You won't have to understand the details yet; we will focus on how the first user-level process comes into existence after the computer is turned on.

Hand-In Procedure

You are to turn in this homework during lecture. Please write up your answers to the exercises below and hand them in to a 6.828 staff member at the beginning of lecture.

Assignment

Fetch the xv6 source:
$ mkdir 6.828
$ cd 6.828
$ git clone git://pdos.csail.mit.edu/xv6/xv6.git
Cloning into xv6...
...
$
Build xv6:
$ add -f 6.828
$ cd xv6
$ make
...
gcc -O -nostdinc -I. -c bootmain.c
gcc -nostdinc -I. -c bootasm.S
ld -m    elf_i386 -N -e start -Ttext 0x7C00 -o bootblock.o bootasm.o bootmain.o
objdump -S bootblock.o > bootblock.asm
objcopy -S -O binary -j .text bootblock.o bootblock
...
$ 
Find the address of _start, the entry point of the kernel:
$ nm kernel | grep _start
8010b50c D _binary_entryother_start
8010b4e0 D _binary_initcode_start
0010000c T _start
In this case, the address is 0010000c.

Run the kernel inside QEMU GDB, setting a breakpoint at _start (i.e., the address you just found).

$ make qemu-gdb
...
$ gdb
GNU gdb 6.8-debian
Copyright (C) 2008 Free Software Foundation, Inc.
License GPLv3+: GNU GPL version 3 or later 
This is free software: you are free to change and redistribute it.
There is NO WARRANTY, to the extent permitted by law.  Type "show copying"
and "show warranty" for details.
This GDB was configured as "x86_64-linux-gnu".
+ target remote localhost:26000
The target architecture is assumed to be i8086
[f000:fff0]    0xffff0:	ljmp   $0xf000,$0xe05b
0x0000fff0 in ?? ()
+ symbol-file kernel
(gdb) br * 0x0010000c
Breakpoint 1 at 0x10000c
(gdb) c
Continuing.
The target architecture is assumed to be i386
=> 0x10000c:	mov    %cr4,%eax

Breakpoint 1, 0x0010000c in ?? ()
(gdb)
The details of what you see are likely to differ from the above output.

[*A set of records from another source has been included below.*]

(* Let $x,y\ge 1$, $n\ge\max(x,y)$, and let $G$ be a minimal $(x,y)$ task-dependency graph of order $n$. Then $G$ has the maximum possible number of edges among all minimal $(x,y)$ task-dependency graphs of order $n$ if and only if $G$ has at most two components that are not isolated vertices, and (1) if $G$ consists of all isolated vertices, then $n=x=y$; (2) if $G$ has two components that are not isolated vertices, then $G$ has no interior vertex; and (3) if $G$ has exactly one component $C$ that is not an isolated vertex, then either (a) $C$ has no interior vertex; (b) there exist an initial vertex $u$, a terminal vertex $v$, and multiple interior vertices in $C$ such that all interior vertices of $C$ are adjacent to both $u$ and $v$, where $u$ may be adjacent to more terminal vertices and $v$ may be adjacent to more initial vertices; or (c) $C$ has exactly one interior vertex, which is adjacent to $p>0$ initial vertices and $q>0$ terminal vertices; if $p=1$ this initial vertex may be adjacent to more terminal vertices; if $q=1$ this terminal vertex may be adjacent to more initial vertices; if $p>1$ these initial vertices are adjacent only to the interior vertex; if $q>1$ these terminal vertices are adjacent only to the interior vertex.
   Context: A task-dependency graph is a finite directed acyclic graph (no loops, no multiple edges). A vertex is initial if it has in-degree $0$, terminal if it has out-degree $0$ (an isolated vertex is both), exterior if it is initial or terminal, and interior otherwise. An $(x,y)$ task-dependency graph has exactly $x$ initial and $y$ terminal vertices; it is minimal if removing any single edge produces a graph that is not an $(x,y)$ task-dependency graph. Components are connected components of the underlying undirected graph; two vertices are adjacent if there is an edge between them in either direction. The order is the number of vertices. *)

theory Defs
  imports Main
begin
lemma dissipative_flow_sq_norm_bound:
  fixes f :: "real \<Rightarrow> 'a::real_inner"
  assumes deriv: "\<And>t. t \<ge> 0 \<Longrightarrow> (f has_vector_derivative f' t) (at t within {0..})"
    and dissipative: "\<And>t. t \<ge> 0 \<Longrightarrow> f t \<bullet> f' t \<le> - c * (f t \<bullet> f t)"
    and "t \<ge> 0"
  shows "f t \<bullet> f t \<le> (f 0 \<bullet> f 0) * exp (- 2 * c * t)"
proof -
  define W where "W s = (f s \<bullet> f s) * exp (2 * c * s)" for s
  define W' where "W' s = 2 * (f s \<bullet> f' s + c * (f s \<bullet> f s)) * exp (2 * c * s)" for s
  have "(W has_real_derivative W' s) (at s within {0..t})" if "0 \<le> s" for s
  proof -
    have "(W has_real_derivative W' s) (at s within {0..})"
      unfolding W_def W'_def
      by (rule derivative_eq_intros has_vector_derivative_inner_self deriv that refl)+
         (simp add: algebra_simps)
    then show ?thesis
      by (rule has_field_derivative_subset) auto
  qed
  then obtain s where "s \<in> {0..t}" and s: "W t - W 0 = W' s * (t - 0)"
    using mvt_very_simple[OF \<open>t \<ge> 0\<close>, of W "\<lambda>s. (*) (W' s)"]
    by (auto simp: has_field_derivative_def)
  have "W' s \<le> 0"
    using dissipative[of s] \<open>s \<in> {0..t}\<close> by (auto simp: W'_def mult_nonpos_nonneg)
  then have "W t \<le> W 0"
    using s mult_nonpos_nonneg[of "W' s" t] \<open>t \<ge> 0\<close> by simp
  then show ?thesis
    by (simp add: W_def exp_minus field_simps)
qed

lemma dissipative_flow_tendsto_zero:
  fixes f :: "real \<Rightarrow> 'a::real_inner"
  assumes "c > 0"
    and deriv: "\<And>t. t \<ge> 0 \<Longrightarrow> (f has_vector_derivative f' t) (at t within {0..})"
    and dissipative: "\<And>t. t \<ge> 0 \<Longrightarrow> f t \<bullet> f' t \<le> - c * (f t \<bullet> f t)"
  shows "(f \<longlongrightarrow> 0) at_top"
proof -
  have decay: "((\<lambda>t. (f 0 \<bullet> f 0) * exp (- 2 * c * t)) \<longlongrightarrow> 0) at_top"
    using \<open>c > 0\<close> by real_asymp
  have bound: "\<forall>\<^sub>F t in at_top. f t \<bullet> f t \<le> (f 0 \<bullet> f 0) * exp (- 2 * c * t)"
    using eventually_ge_at_top[of 0]
    by eventually_elim (rule dissipative_flow_sq_norm_bound[OF deriv dissipative])
  have "((\<lambda>t. f t \<bullet> f t) \<longlongrightarrow> 0) at_top"
    by (rule tendsto_sandwich[OF _ bound tendsto_const decay]) simp
  then have "((\<lambda>t. sqrt (f t \<bullet> f t)) \<longlongrightarrow> 0) at_top"
    using tendsto_real_sqrt by fastforce
  then show ?thesis
    by (simp add: norm_eq_sqrt_inner[symmetric] tendsto_norm_zero_iff)
qed

lemma inner_constant_if_derivative_orthogonal:
  fixes f :: "real \<Rightarrow> 'a::real_inner"
  assumes deriv: "\<And>t. t \<ge> 0 \<Longrightarrow> (f has_vector_derivative f' t) (at t within {0..})"
    and orthogonal: "\<And>t. t \<ge> 0 \<Longrightarrow> v \<bullet> f' t = 0"
    and "t \<ge> 0"
  shows "v \<bullet> f t = v \<bullet> f 0"
proof -
  have "\<exists>d. \<forall>s\<in>{0..}. v \<bullet> f s = d"
  proof (rule has_derivative_zero_constant)
    fix s :: real
    assume "s \<in> {0..}"
    then have "((\<lambda>s. v \<bullet> f s) has_derivative (\<lambda>u. v \<bullet> (u *\<^sub>R f' s))) (at s within {0..})"
      using deriv unfolding has_vector_derivative_def by (intro has_derivative_inner_right) auto
    then show "((\<lambda>s. v \<bullet> f s) has_derivative (\<lambda>u. 0)) (at s within {0..})"
      using orthogonal \<open>s \<in> {0..}\<close> by simp
  qed simp
  then show ?thesis
    using \<open>t \<ge> 0\<close> by force
qed
lemma Smat_quadratic_form:
  fixes x :: "real^'n"
  shows "x \<bullet> (Smat \<alpha> l *v x) = \<alpha> * (x \<bullet> x) + l * (\<Sum>i\<in>UNIV. x$i)^2"
proof -
  have "Smat \<alpha> l *v x = \<alpha> *\<^sub>R x + (\<chi> i. l * (\<Sum>j\<in>UNIV. x$j))"
    by (simp add: Smat_def matrix_vector_mult_def vec_eq_iff distrib_right sum.distrib
        sum_distrib_left if_distrib[of "\<lambda>a. a * _"] cong: if_cong)
  then show ?thesis
    by (simp add: inner_add_right inner_vec_def sum_distrib_left sum_distrib_right sum.distrib power2_eq_square
        algebra_simps)
qed

lemma Smat_positive_definite:
  fixes x :: "real^'n"
  assumes "\<alpha> > 0" "l \<ge> 0" "x \<noteq> 0"
  shows "x \<bullet> (Smat \<alpha> l *v x) > 0"
  unfolding Smat_quadratic_form using assms by (simp add: add_pos_nonneg)

lemma signless_laplacian_symmetric:
  "signless_laplacian P \<Longrightarrow> P$j$i = P$i$j"
  unfolding signless_laplacian_def by (metis transpose_def vec_lambda_beta)

lemma signless_laplacian_offdiag:
  "signless_laplacian P \<Longrightarrow> i \<noteq> j \<Longrightarrow> P$i$j = 0 \<or> P$i$j = 1"
  unfolding signless_laplacian_def by blast

lemma signless_laplacian_offdiag_nonneg:
  "signless_laplacian P \<Longrightarrow> i \<noteq> j \<Longrightarrow> P$i$j \<ge> 0"
  using signless_laplacian_offdiag by fastforce

lemma signless_laplacian_Delta:
  "signless_laplacian P \<Longrightarrow> Delta P i = 0 \<or> Delta P i = 2"
  unfolding signless_laplacian_def by blast

lemma signless_laplacian_Delta_nonneg:
  "signless_laplacian P \<Longrightarrow> Delta P i \<ge> 0"
  using signless_laplacian_Delta[of P i] by auto

text \<open>Since off-diagonal entries are nonnegative, the diagonal entry is \<open>Delta\<close> plus the degree.\<close>

lemma signless_laplacian_diagonal:
  assumes SL: "signless_laplacian P"
  shows "P$i$i = Delta P i + (\<Sum>j\<in>UNIV. if j = i then 0 else P$i$j)"
proof -
  have "P$i$i \<ge> 0" using SL unfolding signless_laplacian_def by blast
  moreover have "(\<Sum>j\<in>UNIV - {i}. \<bar>P$i$j\<bar>) = (\<Sum>j\<in>UNIV - {i}. P$i$j)"
    by (rule sum.cong) (auto intro!: abs_of_nonneg signless_laplacian_offdiag_nonneg[OF SL])
  moreover have "(\<Sum>j\<in>UNIV - {i}. P$i$j) = (\<Sum>j\<in>UNIV. if j = i then 0 else P$i$j)"
    by (simp add: sum.If_cases Diff_eq Compl_eq)
  ultimately show ?thesis unfolding Delta_def by simp
qed

lemma sum_split_diagonal:
  "(\<Sum>j\<in>UNIV. f j) = f i + (\<Sum>j\<in>UNIV. if j = i then 0 else f j)"
  for f :: "'n::finite \<Rightarrow> real"
  by (simp add: sum.If_cases Diff_eq Compl_eq sum.remove[of UNIV i, simplified])

text \<open>The key identity: \<open>x \<bullet> P x\<close> is the sum of \<open>Delta P i * x\<^sub>i\<^sup>2\<close> over all vertices plus
  half the sum of \<open>P\<^sub>i\<^sub>j (x\<^sub>i + x\<^sub>j)\<^sup>2\<close> over ordered pairs \<open>i \<noteq> j\<close>, a sum of nonnegative terms
  (edges contribute \<open>(x\<^sub>i + x\<^sub>j)\<^sup>2\<close>, self-loops contribute \<open>2 x\<^sub>i\<^sup>2\<close>).\<close>

lemma signless_laplacian_quadratic_form:
  fixes P :: "real^'n^'n" and x :: "real^'n"
  assumes SL: "signless_laplacian P"
  shows "x \<bullet> (P *v x) = (\<Sum>i\<in>UNIV. Delta P i * (x$i)^2)
           + (\<Sum>i\<in>UNIV. \<Sum>j\<in>UNIV. if j = i then 0 else P$i$j * (x$i + x$j)^2) / 2"
proof -
  define T where "T = (\<Sum>i\<in>UNIV. \<Sum>j\<in>UNIV. if j = i then 0 else P$i$j * ((x$i)^2 + x$i * x$j))"
  have row: "x$i * (\<Sum>j\<in>UNIV. P$i$j * x$j) = Delta P i * (x$i)^2
               + (\<Sum>j\<in>UNIV. if j = i then 0 else P$i$j * ((x$i)^2 + x$i * x$j))" for i
  proof -
    have "(\<Sum>j\<in>UNIV. P$i$j * x$j) = P$i$i * x$i + (\<Sum>j\<in>UNIV. if j = i then 0 else P$i$j * x$j)"
      by (rule sum_split_diagonal)
    also have "\<dots> = Delta P i * x$i + (\<Sum>j\<in>UNIV. if j = i then 0 else P$i$j * x$i)
                      + (\<Sum>j\<in>UNIV. if j = i then 0 else P$i$j * x$j)"
      by (subst signless_laplacian_diagonal[OF SL])
        (simp add: algebra_simps sum_distrib_left sum_distrib_right if_distrib cong: if_cong)
    finally show ?thesis
      by (simp add: algebra_simps power2_eq_square sum_distrib_left sum.distrib[symmetric]
          if_distrib cong: if_cong)
  qed
  text \<open>By symmetry of \<open>P\<close>, the off-diagonal part of the form may be written with either endpoint squared.\<close>
  have T_swapped: "T = (\<Sum>i\<in>UNIV. \<Sum>j\<in>UNIV. if j = i then 0 else P$i$j * ((x$j)^2 + x$i * x$j))"
    unfolding T_def
    by (subst sum.swap, intro sum.cong refl) (auto simp: signless_laplacian_symmetric[OF SL] algebra_simps)
  have "(\<Sum>i\<in>UNIV. \<Sum>j\<in>UNIV. if j = i then 0 else P$i$j * (x$i + x$j)^2) = T + T"
    by (subst T_def, subst T_swapped)
      (simp add: sum.distrib[symmetric] power2_eq_square algebra_simps if_distrib cong: if_cong)
  moreover have "x \<bullet> (P *v x) = (\<Sum>i\<in>UNIV. Delta P i * (x$i)^2) + T"
    unfolding inner_matrix_vector T_def row by (simp add: sum.distrib)
  ultimately show ?thesis by simp
qed

lemma signless_laplacian_positive_semidefinite:
  fixes P :: "real^'n^'n" and x :: "real^'n"
  assumes SL: "signless_laplacian P"
  shows "x \<bullet> (P *v x) \<ge> 0"
  unfolding signless_laplacian_quadratic_form[OF SL]
  by (intro add_nonneg_nonneg divide_nonneg_pos sum_nonneg mult_nonneg_nonneg
      signless_laplacian_Delta_nonneg[OF SL])
    (auto intro!: mult_nonneg_nonneg signless_laplacian_offdiag_nonneg[OF SL])

text \<open>Consequently a null vector of \<open>P\<close> changes sign along every edge and vanishes at every
  self-loop, since each term of the identity above must vanish.\<close>

lemma signless_laplacian_kernel:
  fixes P :: "real^'n^'n" and x :: "real^'n"
  assumes SL: "signless_laplacian P" and K: "P *v x = 0"
  shows kernel_edge: "adj P a b \<Longrightarrow> x$a + x$b = 0"
    and kernel_loop: "has_loop P a \<Longrightarrow> x$a = 0"
proof -
  define D where "D i = Delta P i * (x$i)^2" for i
  define E where "E i j = (if j = i then 0 else P$i$j * (x$i + x$j)^2)" for i j
  have D_nonneg: "D i \<ge> 0" for i
    unfolding D_def by (simp add: signless_laplacian_Delta_nonneg[OF SL])
  have E_nonneg: "E i j \<ge> 0" for i j
    unfolding E_def by (simp add: signless_laplacian_offdiag_nonneg[OF SL])
  have "(\<Sum>i\<in>UNIV. D i) + (\<Sum>i\<in>UNIV. \<Sum>j\<in>UNIV. E i j) / 2 = 0"
    using signless_laplacian_quadratic_form[OF SL, of x] K unfolding D_def E_def by simp
  moreover have "(\<Sum>i\<in>UNIV. D i) \<ge> 0" "(\<Sum>i\<in>UNIV. \<Sum>j\<in>UNIV. E i j) \<ge> 0"
    using D_nonneg E_nonneg by (simp_all add: sum_nonneg)
  ultimately have "(\<Sum>i\<in>UNIV. D i) = 0" "(\<Sum>i\<in>UNIV. \<Sum>j\<in>UNIV. E i j) = 0"
    by linarith+
  then have D_zero: "D i = 0" and E_zero: "E i j = 0" for i j
    using D_nonneg E_nonneg by (simp_all add: sum_nonneg_eq_0_iff sum_nonneg)
  show "adj P a b \<Longrightarrow> x$a + x$b = 0"
    using E_zero[of a b] unfolding E_def adj_def by auto
  show "has_loop P a \<Longrightarrow> x$a = 0"
    using D_zero[of a] unfolding D_def has_loop_def by simp
qed

abbreviation reachable :: "real^'n^'n \<Rightarrow> 'n \<Rightarrow> 'n \<Rightarrow> bool" where
  "reachable P u v \<equiv> (u, v) \<in> {(a, b). adj P a b}\<^sup>*"

lemma adj_sym: "signless_laplacian P \<Longrightarrow> adj P a b \<Longrightarrow> adj P b a"
  unfolding adj_def using signless_laplacian_symmetric by metis

lemma reachable_sym:
  assumes "signless_laplacian P" and "reachable P u v"
  shows "reachable P v u"
proof -
  have "sym ({(a, b). adj P a b}\<^sup>*)"
    by (rule sym_rtrancl) (auto simp: sym_def intro: adj_sym[OF assms(1)])
  then show ?thesis using assms(2) unfolding sym_def by blast
qed

lemma component_self: "u \<in> component P u" "is_component P (component P u)"
  unfolding component_def is_component_def by auto

lemma component_closed:
  assumes "is_component P C" and "u \<in> C" and "reachable P u v"
  shows "v \<in> C"
  using assms unfolding is_component_def component_def by (auto intro: rtrancl_trans)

Look at the registers and the stack contents:
(gdb) info reg
...
(gdb) x/24x $esp
...
(gdb)
Which part of the stack printout is actually the stack? (Hint: not all of it.) Identify all the non-zero values on the stack.

Submit: The output of x/24x $esp with the valid part of the stack marked. Write a short (3-5 word) comment next to each non-zero value explaining what it is.